Top of Data section

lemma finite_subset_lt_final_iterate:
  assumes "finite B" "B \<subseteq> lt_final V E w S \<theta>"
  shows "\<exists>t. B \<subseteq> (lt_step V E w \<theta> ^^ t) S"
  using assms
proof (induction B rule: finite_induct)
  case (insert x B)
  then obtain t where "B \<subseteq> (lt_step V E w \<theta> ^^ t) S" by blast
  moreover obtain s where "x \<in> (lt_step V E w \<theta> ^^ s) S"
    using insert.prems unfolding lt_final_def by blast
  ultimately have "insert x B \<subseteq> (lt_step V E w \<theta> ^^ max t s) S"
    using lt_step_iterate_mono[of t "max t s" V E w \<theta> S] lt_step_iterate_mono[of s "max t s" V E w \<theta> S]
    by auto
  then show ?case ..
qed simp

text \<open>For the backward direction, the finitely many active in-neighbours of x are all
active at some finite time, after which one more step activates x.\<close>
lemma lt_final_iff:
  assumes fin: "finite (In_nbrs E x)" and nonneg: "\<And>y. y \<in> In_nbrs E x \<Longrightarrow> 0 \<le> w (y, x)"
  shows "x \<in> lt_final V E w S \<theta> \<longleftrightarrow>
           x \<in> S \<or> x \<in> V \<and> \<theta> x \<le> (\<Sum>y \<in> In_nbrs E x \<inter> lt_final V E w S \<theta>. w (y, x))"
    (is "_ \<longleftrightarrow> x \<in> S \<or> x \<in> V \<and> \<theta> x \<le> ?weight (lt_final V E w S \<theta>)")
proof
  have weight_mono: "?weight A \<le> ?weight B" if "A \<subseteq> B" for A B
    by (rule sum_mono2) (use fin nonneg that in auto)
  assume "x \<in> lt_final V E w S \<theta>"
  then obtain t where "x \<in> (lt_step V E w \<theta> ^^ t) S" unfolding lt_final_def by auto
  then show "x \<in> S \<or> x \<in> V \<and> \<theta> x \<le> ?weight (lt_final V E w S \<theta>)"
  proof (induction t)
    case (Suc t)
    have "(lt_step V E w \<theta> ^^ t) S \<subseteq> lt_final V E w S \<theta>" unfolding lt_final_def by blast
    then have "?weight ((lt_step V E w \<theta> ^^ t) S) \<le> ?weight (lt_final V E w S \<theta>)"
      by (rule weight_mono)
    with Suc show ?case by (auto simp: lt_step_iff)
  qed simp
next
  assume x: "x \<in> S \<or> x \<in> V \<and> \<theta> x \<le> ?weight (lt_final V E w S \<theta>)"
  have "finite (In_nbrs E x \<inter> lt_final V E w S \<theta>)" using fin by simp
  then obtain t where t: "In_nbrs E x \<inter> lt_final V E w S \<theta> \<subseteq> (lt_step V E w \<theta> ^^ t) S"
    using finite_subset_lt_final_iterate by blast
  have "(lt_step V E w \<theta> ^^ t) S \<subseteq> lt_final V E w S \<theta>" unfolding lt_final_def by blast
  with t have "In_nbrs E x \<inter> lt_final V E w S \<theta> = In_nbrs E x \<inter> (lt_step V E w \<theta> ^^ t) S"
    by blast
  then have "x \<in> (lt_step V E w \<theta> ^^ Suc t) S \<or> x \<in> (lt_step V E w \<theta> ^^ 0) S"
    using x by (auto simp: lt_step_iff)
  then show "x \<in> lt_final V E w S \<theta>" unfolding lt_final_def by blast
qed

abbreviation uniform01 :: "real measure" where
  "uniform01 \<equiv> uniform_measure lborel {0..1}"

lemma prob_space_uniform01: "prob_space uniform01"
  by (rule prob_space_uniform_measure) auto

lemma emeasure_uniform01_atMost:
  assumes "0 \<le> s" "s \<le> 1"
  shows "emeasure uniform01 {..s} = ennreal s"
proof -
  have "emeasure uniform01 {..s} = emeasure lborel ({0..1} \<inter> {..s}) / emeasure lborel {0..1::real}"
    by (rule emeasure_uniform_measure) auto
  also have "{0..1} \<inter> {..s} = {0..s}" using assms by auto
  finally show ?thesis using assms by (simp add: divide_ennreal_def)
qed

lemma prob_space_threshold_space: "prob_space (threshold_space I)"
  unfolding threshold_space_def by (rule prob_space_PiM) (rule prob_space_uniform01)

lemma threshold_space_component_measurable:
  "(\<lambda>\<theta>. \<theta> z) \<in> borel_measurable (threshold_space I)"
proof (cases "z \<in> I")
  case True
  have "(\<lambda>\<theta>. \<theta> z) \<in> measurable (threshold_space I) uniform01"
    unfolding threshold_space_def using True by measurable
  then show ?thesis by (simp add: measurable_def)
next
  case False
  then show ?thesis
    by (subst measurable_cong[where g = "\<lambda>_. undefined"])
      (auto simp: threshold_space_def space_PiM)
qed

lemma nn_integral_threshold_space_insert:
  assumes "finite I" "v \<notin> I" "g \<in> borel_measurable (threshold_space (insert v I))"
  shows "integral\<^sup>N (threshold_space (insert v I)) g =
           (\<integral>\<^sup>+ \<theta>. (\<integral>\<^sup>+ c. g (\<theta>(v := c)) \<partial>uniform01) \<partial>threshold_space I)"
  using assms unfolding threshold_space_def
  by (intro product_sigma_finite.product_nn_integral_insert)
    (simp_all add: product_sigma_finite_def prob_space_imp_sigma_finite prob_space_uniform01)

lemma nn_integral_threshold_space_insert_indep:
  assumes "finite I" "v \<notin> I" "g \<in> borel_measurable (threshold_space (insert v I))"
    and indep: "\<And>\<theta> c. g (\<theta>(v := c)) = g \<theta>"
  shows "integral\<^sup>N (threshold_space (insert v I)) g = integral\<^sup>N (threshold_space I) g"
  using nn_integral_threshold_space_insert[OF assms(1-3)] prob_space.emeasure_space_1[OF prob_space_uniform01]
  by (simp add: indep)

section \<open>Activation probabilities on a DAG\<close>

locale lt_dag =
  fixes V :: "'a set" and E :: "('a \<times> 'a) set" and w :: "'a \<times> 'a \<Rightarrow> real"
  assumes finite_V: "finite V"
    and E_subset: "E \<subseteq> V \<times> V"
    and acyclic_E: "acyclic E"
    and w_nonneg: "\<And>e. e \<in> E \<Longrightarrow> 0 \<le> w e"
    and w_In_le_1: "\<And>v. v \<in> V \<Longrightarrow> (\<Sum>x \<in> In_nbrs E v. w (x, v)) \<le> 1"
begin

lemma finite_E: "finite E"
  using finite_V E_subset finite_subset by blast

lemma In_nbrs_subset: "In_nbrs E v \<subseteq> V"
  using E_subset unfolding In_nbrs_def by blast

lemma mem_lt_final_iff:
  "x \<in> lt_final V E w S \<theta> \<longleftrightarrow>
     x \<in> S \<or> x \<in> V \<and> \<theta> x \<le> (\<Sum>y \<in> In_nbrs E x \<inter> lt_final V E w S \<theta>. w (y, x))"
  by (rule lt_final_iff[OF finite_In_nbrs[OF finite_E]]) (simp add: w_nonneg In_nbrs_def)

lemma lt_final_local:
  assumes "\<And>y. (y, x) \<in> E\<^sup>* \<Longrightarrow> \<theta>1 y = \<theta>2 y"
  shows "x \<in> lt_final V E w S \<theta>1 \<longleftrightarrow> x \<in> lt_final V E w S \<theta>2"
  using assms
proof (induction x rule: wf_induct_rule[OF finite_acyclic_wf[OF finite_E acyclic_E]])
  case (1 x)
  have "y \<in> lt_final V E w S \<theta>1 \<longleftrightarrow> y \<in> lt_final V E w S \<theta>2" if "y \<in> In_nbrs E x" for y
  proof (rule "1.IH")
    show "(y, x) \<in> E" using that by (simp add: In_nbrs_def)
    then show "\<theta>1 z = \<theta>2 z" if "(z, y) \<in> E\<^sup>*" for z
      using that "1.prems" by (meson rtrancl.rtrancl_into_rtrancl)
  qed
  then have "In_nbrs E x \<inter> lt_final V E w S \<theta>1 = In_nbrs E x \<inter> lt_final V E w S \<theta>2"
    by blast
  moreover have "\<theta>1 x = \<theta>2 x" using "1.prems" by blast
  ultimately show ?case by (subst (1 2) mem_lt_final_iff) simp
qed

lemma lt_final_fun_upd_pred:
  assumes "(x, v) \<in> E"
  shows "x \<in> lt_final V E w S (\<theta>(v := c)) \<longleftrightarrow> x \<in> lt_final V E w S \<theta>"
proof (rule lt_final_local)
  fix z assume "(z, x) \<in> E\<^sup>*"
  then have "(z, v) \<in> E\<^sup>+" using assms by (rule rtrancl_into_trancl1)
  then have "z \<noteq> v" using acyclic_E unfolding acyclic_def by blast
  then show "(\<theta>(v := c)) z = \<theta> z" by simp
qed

Bottom of Data section
Top of Data section

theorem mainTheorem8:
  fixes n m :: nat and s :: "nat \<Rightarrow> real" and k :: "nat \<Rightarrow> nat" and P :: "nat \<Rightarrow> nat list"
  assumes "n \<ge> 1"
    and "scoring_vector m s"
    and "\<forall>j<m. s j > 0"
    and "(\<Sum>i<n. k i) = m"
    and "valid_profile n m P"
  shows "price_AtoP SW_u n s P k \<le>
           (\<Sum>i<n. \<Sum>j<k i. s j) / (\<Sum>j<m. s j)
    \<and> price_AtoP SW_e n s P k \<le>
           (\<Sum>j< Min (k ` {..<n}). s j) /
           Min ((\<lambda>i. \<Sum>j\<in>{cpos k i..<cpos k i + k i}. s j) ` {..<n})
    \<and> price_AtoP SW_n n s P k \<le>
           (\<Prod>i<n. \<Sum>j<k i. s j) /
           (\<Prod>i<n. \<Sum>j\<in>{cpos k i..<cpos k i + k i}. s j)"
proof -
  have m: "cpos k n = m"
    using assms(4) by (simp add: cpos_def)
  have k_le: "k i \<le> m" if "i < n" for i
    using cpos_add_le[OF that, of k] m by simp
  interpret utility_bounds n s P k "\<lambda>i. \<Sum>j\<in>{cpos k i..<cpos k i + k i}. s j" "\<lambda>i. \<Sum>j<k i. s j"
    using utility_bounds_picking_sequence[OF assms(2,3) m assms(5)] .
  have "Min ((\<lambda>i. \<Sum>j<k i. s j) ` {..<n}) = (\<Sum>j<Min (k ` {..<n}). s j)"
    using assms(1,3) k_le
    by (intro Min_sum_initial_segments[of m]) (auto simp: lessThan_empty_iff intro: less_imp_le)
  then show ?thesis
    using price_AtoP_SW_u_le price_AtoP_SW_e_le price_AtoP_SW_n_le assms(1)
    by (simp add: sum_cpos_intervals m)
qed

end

Bottom of Data section

• [Exercise directions]: Check each line of the records for the word "lborel" and extract those that contain it.

• [Exercise solution]:
  "uniform01 \<equiv> uniform_measure lborel {0..1}"
  have "emeasure uniform01 {..s} = emeasure lborel ({0..1} \<inter> {..s}) / emeasure lborel {0..1::real}"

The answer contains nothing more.